Anak Jalanan & Disabilitas Bisa Dapat Makan Gratis? Istana Buka Suara!

Menteri Sekretaris Negara (Mensesneg) Prasetyo Hadi. (Dok: BPMI Setpres)

GSNews.id – Usulan agar anak jalanan dan penyandang disabilitas turut menerima Program Makan Bergizi Gratis (MBG) mendapat perhatian pemerintah. Meski belum masuk dalam daftar penerima saat ini, pemerintah memastikan terbuka terhadap setiap masukan yang bersifat konstruktif.

Pernyataan itu disampaikan Menteri Sekretaris Negara (Mensesneg) Prasetyo Hadi di sela retret kabinet saat menjawab pertanyaan awak media terkait cakupan penerima MBG, Selasa (6/1/2026).

Usulan Perluasan Penerima MBG

Prasetyo mengakui bahwa hingga kini pemerintah belum secara khusus membahas keterlibatan anak jalanan dan penyandang disabilitas dalam program MBG. Namun, ia menilai masukan tersebut sebagai catatan penting bagi pemerintah.

Menurutnya, penyampaian kritik dan saran dari masyarakat merupakan bagian dari proses perbaikan kebijakan publik yang sehat.

Pemerintah Buka Ruang Evaluasi

Ia menegaskan, pemerintah tidak menutup diri terhadap kemungkinan adanya kelompok masyarakat yang luput dari perhatian. Setiap usulan, kata dia, akan menjadi bahan kajian lebih lanjut sesuai dengan kapasitas dan prioritas program.

“Kalau memang ada hal-hal yang masih belum terpikirkan oleh kami, silakan disampaikan. Pemerintah akan terbuka untuk mengevaluasinya,” ujar Prasetyo.

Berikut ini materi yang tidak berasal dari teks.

lemma rot_adj_add_root:
  assumes "symp E2" and agree: "\<forall>a\<in>S. \<forall>b\<in>S. E1 a b = E2 a b" and "y \<notin> S"
    and conn: "connected_on E2 (insert y S)" and adj: "rot_adj E1 S p q"
  shows "rot_adj E2 (insert y S) (add_root S y p) (add_root S y q)"
proof -
  obtain r1 r2 where st1: "search_tree E1 S r1 p" and st2: "search_tree E1 S r2 q"
    using adj by (auto simp: rot_adj_def rot_vertices_def is_search_tree_def)
  have "add_root S y p \<in> rot_vertices E2 (insert y S)" "add_root S y q \<in> rot_vertices E2 (insert y S)"
    using search_tree_add_root[OF assms(1) st1 agree \<open>y \<notin> S\<close> conn]
      search_tree_add_root[OF assms(1) st2 agree \<open>y \<notin> S\<close> conn]
    by (auto simp: rot_vertices_def is_search_tree_def)
  moreover have "rot_step E1 p q \<or> rot_step E1 q p" using adj by (simp add: rot_adj_def)
  then have "rot_step E2 (add_root S y p) (add_root S y q) \<or> rot_step E2 (add_root S y q) (add_root S y p)"
    using rot_step_add_root[OF st1 agree \<open>y \<notin> S\<close>] rot_step_add_root[OF st2 agree \<open>y \<notin> S\<close>]
    by blast
  ultimately show ?thesis by (simp add: rot_adj_def)
qed

section \<open>An odd closed walk in the rotation graph\<close>

lemma search_tree_singleton: "search_tree E {z} z (\<lambda>_. None)"
  by (rule search_tree.intros) (auto simp: connected_on_def components_def)

definition path_tree :: "'a \<Rightarrow> 'a \<Rightarrow> 'a \<Rightarrow> 'a \<Rightarrow> 'a option" where
  "path_tree x y z = (\<lambda>t. if t = y then Some x else if t = z then Some y else None)"

definition star_tree :: "'a \<Rightarrow> 'a \<Rightarrow> 'a \<Rightarrow> 'a \<Rightarrow> 'a option" where
  "star_tree r a b = (\<lambda>t. if t = a \<or> t = b then Some r else None)"

lemma search_tree_path_tree:
  assumes "symp E" "distinct [x, y, z]" "connected_on E {x, y, z}" "E y z"
  shows "search_tree E {x, y, z} x (path_tree x y z)"
proof -
  have agree: "\<forall>a\<in>S. \<forall>b\<in>S. E a b = E a b" for S :: "'a set" by simp
  have "connected_on E {y, z}"
    by (rule connected_on_universal_vertex[OF assms(1), of y]) (use \<open>E y z\<close> in auto)
  then have "search_tree E {y, z} y (add_root {z} y (\<lambda>_. None))"
    using search_tree_add_root[OF assms(1) search_tree_singleton agree] assms(2) by simp
  then have "search_tree E {x, y, z} x (add_root {y, z} x (add_root {z} y (\<lambda>_. None)))"
    using search_tree_add_root[OF assms(1) _ agree _ assms(3)] assms(2) by simp
  moreover have "add_root {y, z} x (add_root {z} y (\<lambda>_. None)) = path_tree x y z"
    using assms(2) by (auto simp: add_root_def path_tree_def)
  ultimately show ?thesis by simp
qed

lemma components_no_edges:
  assumes "\<forall>a\<in>S. \<forall>b\<in>S. a \<noteq> b \<longrightarrow> \<not> E a b"
  shows "components E S = (\<lambda>a. {a}) ` S"
proof -
  have "(induced E S)\<^sup>*\<^sup>* a b \<longleftrightarrow> a = b" for a b
  proof
    assume "(induced E S)\<^sup>*\<^sup>* a b"
    then show "a = b"
      by (induction rule: rtranclp_induct) (use assms in \<open>auto simp: induced_def\<close>)
  qed simp
  then show ?thesis by (auto simp: components_def)
qed

lemma search_tree_star:
  assumes "connected_on E V" "r \<in> V" "\<forall>a\<in>V - {r}. \<forall>b\<in>V - {r}. a \<noteq> b \<longrightarrow> \<not> E a b"
  shows "search_tree E V r (\<lambda>t. if t \<in> V - {r} then Some r else None)"
proof (rule search_tree.intros[OF assms(1,2)])
  show "\<forall>C\<in>components E (V - {r}). \<exists>c\<in>C. (if c \<in> V - {r} then Some r else None) = Some r \<and>
      search_tree E C c (restrict_tree (\<lambda>t. if t \<in> V - {r} then Some r else None) C c)"
  proof
    fix C assume "C \<in> components E (V - {r})"
    then obtain c where c: "c \<in> V - {r}" "C = {c}" using components_no_edges[OF assms(3)] by auto
    have "restrict_tree (\<lambda>t. if t \<in> V - {r} then Some r else None) {c} c = (\<lambda>_. None)" by auto
    with c show "\<exists>c\<in>C. (if c \<in> V - {r} then Some r else None) = Some r \<and>
        search_tree E C c (restrict_tree (\<lambda>t. if t \<in> V - {r} then Some r else None) C c)"
      using search_tree_singleton[of E c] by auto
  qed
qed simp_all

definition has_closed_walk_5 :: "('b \<Rightarrow> 'b \<Rightarrow> bool) \<Rightarrow> bool" where
  "has_closed_walk_5 A \<longleftrightarrow> (\<exists>p1 p2 p3 p4 p5. A p1 p2 \<and> A p2 p3 \<and> A p3 p4 \<and> A p4 p5 \<and> A p5 p1)"

lemma has_closed_walk_5_hom:
  assumes "has_closed_walk_5 A" "\<And>x y. A x y \<Longrightarrow> B (g x) (g y)"
  shows "has_closed_walk_5 B"
  using assms unfolding has_closed_walk_5_def by meson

Fokus MBG Masih pada Kelompok Rentan

Saat ini, program MBG difokuskan pada anak usia dini, pelajar dari jenjang TK hingga SMK, serta ibu hamil dan ibu menyusui. Kelompok tersebut dipilih karena memiliki tingkat kerentanan gizi yang tinggi dan berdampak langsung pada kualitas kesehatan jangka panjang.

Pemerintah menilai pemenuhan gizi pada fase awal kehidupan menjadi fondasi penting dalam menyiapkan sumber daya manusia yang sehat dan produktif.

Target Nasional MBG 2026

Pada 2026, pemerintah menargetkan pembangunan sekitar 19 ribu Satuan Pelayanan Pemenuhan Gizi (SPPG) atau dapur MBG di berbagai wilayah Indonesia. Seluruh dapur tersebut diproyeksikan melayani hingga 82,9 juta penerima manfaat.

Angka tersebut menunjukkan skala besar program MBG sebagai salah satu program prioritas nasional yang terus dikembangkan secara bertahap.

Evaluasi Program Kesehatan Lain

Selain membahas MBG, Prasetyo menyebut agenda retret kabinet juga dimanfaatkan untuk mengevaluasi Program Cek Kesehatan Gratis (CKG). Hingga saat ini, sekitar 70 juta warga tercatat telah memanfaatkan layanan tersebut.

Prasetyo juga menyampaikan, evaluasi rutin dilakukan agar seluruh program pemerintah tetap berjalan efektif dan tepat sasaran. “Retret ini menjadi momen pembekalan sekaligus evaluasi menyeluruh atas program-program pemerintah,” tutupnya.